Cross-language Performance Profile Exploration with speedscope


speedscope is a fast, interactive, web-based viewer for large performance profiles (, It’s inspired by the performance panel of Chrome Devtools and by Brendan Gregg’s FlameGraphs. If you’ve never heard of flamegraphs before or if you’ve heard of them but never understood how to read them, the guide “Using flamegraphs” from rbspy’s documentation is wonderful.

The goal of speedscope is to provide a 60fps way of interactively exploring large performance profiles from a variety of profilers for a variety of programming languages. It runs totally in-browser, and does not send any profiling data to any servers. Because it runs totally in-browser, it should work in Firefox and Chrome on Mac, Windows, and Linux. It can be downloaded to run offline, either from npm, or just as a totally standalone zip file.

In doing performance work across many language environments at Figma, I noticed that every community tends to create its own tools for visualizing performance issues. With speedscope, I hoped to de-duplicate those efforts. To meet this goal, speedscope supports import of profiles from a growing list of profilers:





Native code

speedscope also has a stable documented file format, making it appropriate as a tool to target for visualization of totally custom profiles. This allows new profilers to support import into speedscope without needing to modify speedscope’s code at all (though contributions are welcome!). This is how I added support for visualizing rbspy profiles: rbspy#161. Firefox & Chrome both have capable profile visualizers, but the file formats they use change frequently.

Also unlike other similar tools, speedscope is designed to make it easy to host inside your own infrastructure. This allows you to integrate speedscope to view backend performance profiles with a single click. At Figma, we have a ruby backend, so I made an opinionated fork of rack-mini-profiler to do exactly this. If you support access to performance profiles across domains, you can even load them directly into via a #profileUrl=… hash parameter.

What can it do?

speedscope is broken down into three primary views: Time Order, Left Heavy, and Sandwich.

🕰Time Order

speedscope time order view

In the “Time Order” view (the default), call stacks are ordered left-to-right in the same order as they occurred in the input file, which is usually the chronological order they were recorded in. This view is most helpful for understanding the behavior of an application over time, e.g. “first the data is fetched from the database, then the data is prepared for serialization, then the data is serialized to JSON”.

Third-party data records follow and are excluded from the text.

text \<open>Both interpolants are affine on each interval [i/2^(n+1), (i+1)/2^(n+1)] and agree at the
  coarse grid points, so their difference is a tent of height dyadic_detail X n (i div 2).\<close>
lemma dyadic_interp_Suc_diff:
  assumes "0 \<le> t" "t \<le> 1"
  obtains m \<theta> where "m < 2 ^ n" "0 \<le> \<theta>" "\<theta> \<le> 1"
    "dyadic_interp X (Suc n) \<omega> t - dyadic_interp X n \<omega> t = \<theta> * dyadic_detail X n m \<omega>"
proof -
  define i where "i = dyadic_index (Suc n) t"
  define m where "m = i div 2"
  define r where "r = t * 2 ^ Suc n - real i"
  have r: "0 \<le> r" "r \<le> 1" using dyadic_index_bounds[OF assms, of "Suc n"] by (simp_all add: r_def i_def)
  have "i < 2 * 2 ^ n" using dyadic_index_bounds(3)[OF assms, of "Suc n"] by (simp add: i_def)
  then have m: "m < 2 ^ n" by (simp add: m_def less_mult_imp_div_less mult.commute)
  define A where "A = X (real m / 2 ^ n) \<omega>"
  define B where "B = X (real (2 * m + 1) / 2 ^ Suc n) \<omega>"
  define C where "C = X (real (m + 1) / 2 ^ n) \<omega>"
  have coarse: "dyadic_interp X n \<omega> t = A + (t * 2 ^ n - real m) * (C - A)"
    unfolding dyadic_interp_eq dyadic_index_Suc[OF assms(1), of n] A_def C_def
    by (simp add: m_def i_def)
  have fine: "dyadic_interp X (Suc n) \<omega> t =
      X (real i / 2 ^ Suc n) \<omega> + r * (X (real (i + 1) / 2 ^ Suc n) \<omega> - X (real i / 2 ^ Suc n) \<omega>)"
    unfolding dyadic_interp_eq by (simp add: r_def i_def)
  have half: "t * 2 ^ n = (real i + r) / 2" by (simp add: r_def)
  have detail: "dyadic_detail X n m \<omega> = B - (A + C) / 2"
    by (simp add: dyadic_detail_def A_def B_def C_def)
  consider "i = 2 * m" | "i = 2 * m + 1" unfolding m_def by linarith
  then show ?thesis
  proof cases
    case 1
    have "X (real i / 2 ^ Suc n) \<omega> = A" "X (real (i + 1) / 2 ^ Suc n) \<omega> = B"
      using 1 by (simp_all add: A_def B_def)
    then have "dyadic_interp X (Suc n) \<omega> t - dyadic_interp X n \<omega> t = r * dyadic_detail X n m \<omega>"
      unfolding fine coarse half detail 1 by (simp add: field_simps)
    with that m r show ?thesis by blast
  next
    case 2
    have "real (2 * m + 2) / 2 ^ Suc n = real (m + 1) / 2 ^ n" by (simp add: field_simps)
    then have "X (real i / 2 ^ Suc n) \<omega> = B" "X (real (i + 1) / 2 ^ Suc n) \<omega> = C"
      using 2 by (simp_all add: B_def C_def)
    then have "dyadic_interp X (Suc n) \<omega> t - dyadic_interp X n \<omega> t = (1 - r) * dyadic_detail X n m \<omega>"
      unfolding fine coarse half detail 2 by (simp add: field_simps)
    from that[OF m _ _ this] r show ?thesis by simp
  qed
qed

lemma dyadic_interp_Suc_diff_midpoint:
  assumes "j < 2 ^ n"
  shows "dyadic_interp X (Suc n) \<omega> (real (2 * j + 1) / 2 ^ Suc n)
           - dyadic_interp X n \<omega> (real (2 * j + 1) / 2 ^ Suc n) = dyadic_detail X n j \<omega>"
proof -
  define t where "t = real (2 * j + 1) / 2 ^ Suc n"
  have "t * 2 ^ Suc n = real (2 * j + 1)" by (simp add: t_def)
  moreover have "2 * j + 1 \<le> 2 ^ Suc n - 1" using assms by simp
  ultimately have fine: "dyadic_index (Suc n) t = 2 * j + 1"
    unfolding dyadic_index_def by (simp only: floor_of_nat nat_int min_absorb1)
  have half: "t * 2 ^ n = real j + 1 / 2" by (simp add: t_def field_simps)
  then have "\<lfloor>t * 2 ^ n\<rfloor> = int j" by (simp add: floor_eq_iff)
  then have coarse: "dyadic_index n t = j" using assms by (simp add: dyadic_index_def)
  have "dyadic_interp X (Suc n) \<omega> t = X t \<omega>"
    unfolding dyadic_interp_eq fine by (simp add: t_def)
  moreover have "dyadic_interp X n \<omega> t =
      X (real j / 2 ^ n) \<omega> + (X (real (j + 1) / 2 ^ n) \<omega> - X (real j / 2 ^ n) \<omega>) / 2"
    unfolding dyadic_interp_eq coarse half by simp
  ultimately show ?thesis
    unfolding t_def[symmetric] by (simp add: dyadic_detail_def t_def field_simps)
qed

lemma dyadic_points_in_unit_interval:
  assumes "j < 2 ^ n"
  shows "real (2 * j + 1) / 2 ^ Suc n \<in> {0..1}" "real j / 2 ^ n \<in> {0..1}"
    "real (j + 1) / 2 ^ n \<in> {0..1}"
proof -
  have "2 * j + 1 \<le> (2::nat) ^ Suc n" "j \<le> (2::nat) ^ n" "j + 1 \<le> (2::nat) ^ n"
    using assms by simp_all
  then have "real (2 * j + 1) \<le> 2 ^ Suc n" "real j \<le> 2 ^ n" "real (j + 1) \<le> 2 ^ n"
    by (metis of_nat_le_iff of_nat_numeral of_nat_power)+
  then show "real (2 * j + 1) / 2 ^ Suc n \<in> {0..1}" "real j / 2 ^ n \<in> {0..1}"
    "real (j + 1) / 2 ^ n \<in> {0..1}"
    by simp_all
qed

lemma sup_norm01_dyadic_interp_Suc_diff:
  "sup_norm01 (\<lambda>t. dyadic_interp X (Suc n) \<omega> t - dyadic_interp X n \<omega> t)
     = (MAX j\<in>{0..<2 ^ n}. \<bar>dyadic_detail X n j \<omega>\<bar>)"
proof -
  define D where "D t = \<bar>dyadic_interp X (Suc n) \<omega> t - dyadic_interp X n \<omega> t\<bar>" for t
  define Mx where "Mx = (MAX j\<in>{0..<(2::nat) ^ n}. \<bar>dyadic_detail X n j \<omega>\<bar>)"
  have detail_le: "\<bar>dyadic_detail X n j \<omega>\<bar> \<le> Mx" if "j < 2 ^ n" for j
    unfolding Mx_def using that by (intro Max_ge) auto
  have D_le: "D t \<le> Mx" if t: "t \<in> {0..1}" for t
  proof -
    obtain m \<theta> where m: "m < 2 ^ n" "0 \<le> \<theta>" "\<theta> \<le> 1"
      and diff: "dyadic_interp X (Suc n) \<omega> t - dyadic_interp X n \<omega> t = \<theta> * dyadic_detail X n m \<omega>"
      using dyadic_interp_Suc_diff[of t n X \<omega>] t by auto
    have "D t = \<theta> * \<bar>dyadic_detail X n m \<omega>\<bar>" unfolding D_def diff using m by (simp add: abs_mult)
    also have "\<dots> \<le> \<bar>dyadic_detail X n m \<omega>\<bar>" using m by (simp add: mult_left_le_one_le)
    also have "\<dots> \<le> Mx" using detail_le m by simp
    finally show ?thesis .
  qed
  have "Mx \<in> (\<lambda>j. \<bar>dyadic_detail X n j \<omega>\<bar>) ` {0..<2 ^ n}"
    unfolding Mx_def by (intro Max_in) auto
  then obtain j where j: "j < 2 ^ n" "Mx = \<bar>dyadic_detail X n j \<omega>\<bar>" by auto
  from dyadic_points_in_unit_interval(1)[OF j(1)] have "Mx \<le> (SUP t\<in>{0..1}. D t)"
    unfolding j(2) D_def dyadic_interp_Suc_diff_midpoint[OF j(1), symmetric]
    by (rule cSUP_upper) (use D_le in \<open>auto intro!: bdd_aboveI2[where M = Mx] simp: D_def\<close>)
  moreover have "(SUP t\<in>{0..1}. D t) \<le> Mx" by (rule cSUP_least) (use D_le in auto)
  ultimately show ?thesis unfolding sup_norm01_def D_def Mx_def by linarith
qed

section \<open>Detail coefficients of fractional Brownian motion\<close>

lemma fbm_dyadic_detail_gaussian:
  assumes fbm: "is_fbm M H X" and j: "j < 2 ^ n"
  obtains v where "centered_gaussian M (dyadic_detail X n j) v" "v \<le> (1 / 2 ^ Suc n) powr (2 * H)"
proof -
  define h :: real where "h = 1 / 2 ^ Suc n"
  define a where "a = real (2 * j + 1) / 2 ^ Suc n"
  define t where "t i = (if i = 0 then a else if i = 1 then a - h else a + h)" for i :: nat
  define c where "c i = (if i = 0 then 1 else - 1 / 2 :: real)" for i :: nat
  have h: "0 < h" by (simp add: h_def)
  have t: "t 0 = real (2 * j + 1) / 2 ^ Suc n" "t 1 = real j / 2 ^ n" "t 2 = real (j + 1) / 2 ^ n"
    by (simp_all add: t_def a_def h_def field_simps)
  have sum3: "(\<Sum>i<3. f i) = f 0 + f 1 + f (2::nat)" for f :: "nat \<Rightarrow> real"
    by (simp add: numeral_3_eq_3 eval_nat_numeral)
  have "\<forall>i<3. t i \<in> {0..1}"
    using dyadic_points_in_unit_interval[OF j] t by (auto simp: less_Suc_eq eval_nat_numeral)
  then have G: "centered_gaussian M (\<lambda>\<omega>. \<Sum>i<3. c i * X (t i) \<omega>)
      (\<Sum>i<3. \<Sum>k<3. c i * c k * fbm_cov H (t i) (t k))"
    using fbm unfolding is_fbm_def by blast
  have "(\<lambda>\<omega>. \<Sum>i<3. c i * X (t i) \<omega>) = dyadic_detail X n j"
    unfolding sum3 t by (simp add: fun_eq_iff c_def dyadic_detail_def field_simps)
  moreover have "(\<Sum>i<3. \<Sum>k<3. c i * c k * fbm_cov H (t i) (t k))
      = h powr (2 * H) - (2 * h) powr (2 * H) / 4"
    using h by (simp add: sum3 c_def t_def fbm_cov_def field_simps)
  ultimately show ?thesis
    using that G by (simp add: h_def)
qed

lemma fbm_dyadic_detail_tail:
  assumes fbm: "is_fbm M H X" and "j < 2 ^ n" "0 < x"
  shows "measure M {\<omega>\<in>space M. x \<le> \<bar>dyadic_detail X n j \<omega>\<bar>}
           \<le> 2 * exp (- x\<^sup>2 / (2 * (1 / 2 ^ Suc n) powr (2 * H)))"
proof -
  obtain v where "centered_gaussian M (dyadic_detail X n j) v" "v \<le> (1 / 2 ^ Suc n) powr (2 * H)"
    using fbm_dyadic_detail_gaussian[OF assms(1,2)] .
  moreover have "prob_space M" using fbm by (simp add: is_fbm_def)
  moreover have "0 < (1 / 2 ^ Suc n :: real) powr (2 * H)" by simp
  ultimately show ?thesis
    using centered_gaussian_tail \<open>0 < x\<close> by blast
qed

lemma fbm_max_dyadic_detail_tail:
  assumes fbm: "is_fbm M H X" and "0 < x"
  shows "measure M {\<omega>\<in>space M. x \<le> (MAX j\<in>{0..<2 ^ n}. \<bar>dyadic_detail X n j \<omega>\<bar>)}
           \<le> 2 ^ n * (2 * exp (- x\<^sup>2 / (2 * (1 / 2 ^ Suc n) powr (2 * H))))"
proof -
  interpret prob_space M using fbm by (simp add: is_fbm_def)
  define A where "A j = {\<omega>\<in>space M. x \<le> \<bar>dyadic_detail X n j \<omega>\<bar>}" for j
  have "{\<omega>\<in>space M. x \<le> (MAX j\<in>{0..<2 ^ n}. \<bar>dyadic_detail X n j \<omega>\<bar>)} = (\<Union>j\<in>{0..<2 ^ n}. A j)"
    unfolding A_def by (auto simp: Max_ge_iff)
  moreover have "A j \<in> sets M" if "j < 2 ^ n" for j
  proof -
    have "X t \<in> borel_measurable M" if "t \<in> {0..1}" for t
      using fbm that by (simp add: is_fbm_def)
    note [measurable] = this[OF dyadic_points_in_unit_interval(1)[OF \<open>j < 2 ^ n\<close>]]
      this[OF dyadic_points_in_unit_interval(2)[OF \<open>j < 2 ^ n\<close>]]
      this[OF dyadic_points_in_unit_interval(3)[OF \<open>j < 2 ^ n\<close>]]
    show ?thesis unfolding A_def dyadic_detail_def by measurable
  qed
  ultimately have "measure M {\<omega>\<in>space M. x \<le> (MAX j\<in>{0..<2 ^ n}. \<bar>dyadic_detail X n j \<omega>\<bar>)}
      \<le> (\<Sum>j\<in>{0..<2 ^ n}. measure M (A j))"
    by (simp add: finite_measure_subadditive_finite image_subset_iff)
  also have "\<dots> \<le> (\<Sum>j\<in>{0..<(2::nat) ^ n}. 2 * exp (- x\<^sup>2 / (2 * (1 / 2 ^ Suc n) powr (2 * H))))"
    by (rule sum_mono) (use fbm_dyadic_detail_tail[OF fbm _ \<open>0 < x\<close>] in \<open>auto simp: A_def\<close>)
  finally show ?thesis by simp
qed

section \<open>The threshold K(\<nu>) and the final estimate\<close>

lemma bdd_above_K_nu_set:
  assumes "0 < \<delta>" "0 < \<nu>"
  shows "bdd_above {n::nat. n \<ge> 1 \<and> 4 * sqrt (real n) > \<nu> * 2 powr (\<delta> * real n)}"
proof -
  define c where "c = \<delta> * ln 2 / 2"
  have c: "0 < c" using assms by (simp add: c_def)
  text \<open>2^(\<delta> n) = exp(c n)^2 \<ge> (c n)^2 grows faster than 4 sqrt n.\<close>
  have "n \<le> nat \<lceil>4 / (\<nu> * c\<^sup>2)\<rceil>" if n: "n \<ge> 1" "4 * sqrt (real n) > \<nu> * 2 powr (\<delta> * real n)" for n
  proof (rule ccontr)
    assume "\<not> ?thesis"
    then have "4 / (\<nu> * c\<^sup>2) \<le> real n" by linarith
    then have big: "4 \<le> \<nu> * c\<^sup>2 * real n" using assms c by (simp add: field_simps)
    have "2 powr (\<delta> * real n) = exp (c * real n) ^ 2"
      by (simp add: powr_def c_def exp_of_nat_mult[symmetric] power2_eq_square exp_add[symmetric]
          algebra_simps)
    also have "\<dots> \<ge> (c * real n)\<^sup>2"
      using c by (intro power_mono) (auto intro: order.trans[OF _ exp_ge_add_one_self])
    finally have "\<nu> * 2 powr (\<delta> * real n) \<ge> (\<nu> * c\<^sup>2 * real n) * real n"
      using assms by (simp add: power2_eq_square mult_ac)
    moreover have "(\<nu> * c\<^sup>2 * real n) * real n \<ge> 4 * real n" using big by (intro mult_right_mono) auto
    moreover have "sqrt (real n) \<le> real n" using n(1) by (simp add: real_sqrt_le_iff' power2_eq_square)
    ultimately show False using n(2) by linarith
  qed
  then show ?thesis by (intro bdd_aboveI) blast
qed

lemma K_nu_less_imp:
  assumes "0 < \<delta>" "0 < \<nu>" "K_nu \<delta> \<nu> < k"
  shows "4 * sqrt (real k) \<le> \<nu> * 2 powr (\<delta> * real k)"
proof -
  let ?S = "{n. n \<ge> 1 \<and> 4 * sqrt (real n) > \<nu> * 2 powr (\<delta> * real n)}"
  have "k \<notin> ?S"
  proof
    assume "k \<in> ?S"
    then have "k \<le> Sup ?S" using bdd_above_K_nu_set[OF assms(1,2)] by (rule cSup_upper)
    then show False using assms(3) by (simp add: K_nu_def)
  qed
  then show ?thesis using assms(3) by auto
qed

The horizontal axis represents the “weight” of each stack (most commonly CPU time), and the vertical axis shows you the stack active at the time of the sample. If you click on one of the frames, you’ll be able to see summary statistics about it.

⬅️Left Heavy

speedscope left heavy view

In the “Left Heavy” view, identical stacks are grouped together, regardless of whether they were recorded sequentially. Then, the stacks are sorted so that the heaviest stack for each parent is on the left — hence “left heavy”. This view is useful for understanding where all the time is going in situations where there are hundreds or thousands of function calls interleaved between other call stacks.

🥪 Sandwich

speedscope sandwich view

The “Sandwich” view is a table view in which you can find a list of all functions and their associated times. You can sort by self time or total time.

It’s called the “Sandwich” view because if you select one of the rows in the table, you can see flamegraphs for all the callers and callees of the selected row.

Learn more

Up-to-date information about speedscope can be found on the GitHub page: If you run into problems, please let me know by filing an issue!

About Jamie Wong

Jamie is a Canadian engineer currently working on building interface design tools at Figma. He maintains a mostly-technical blog at, and is the primary author of speedscope. You can find him on Twitter as @jlfwong.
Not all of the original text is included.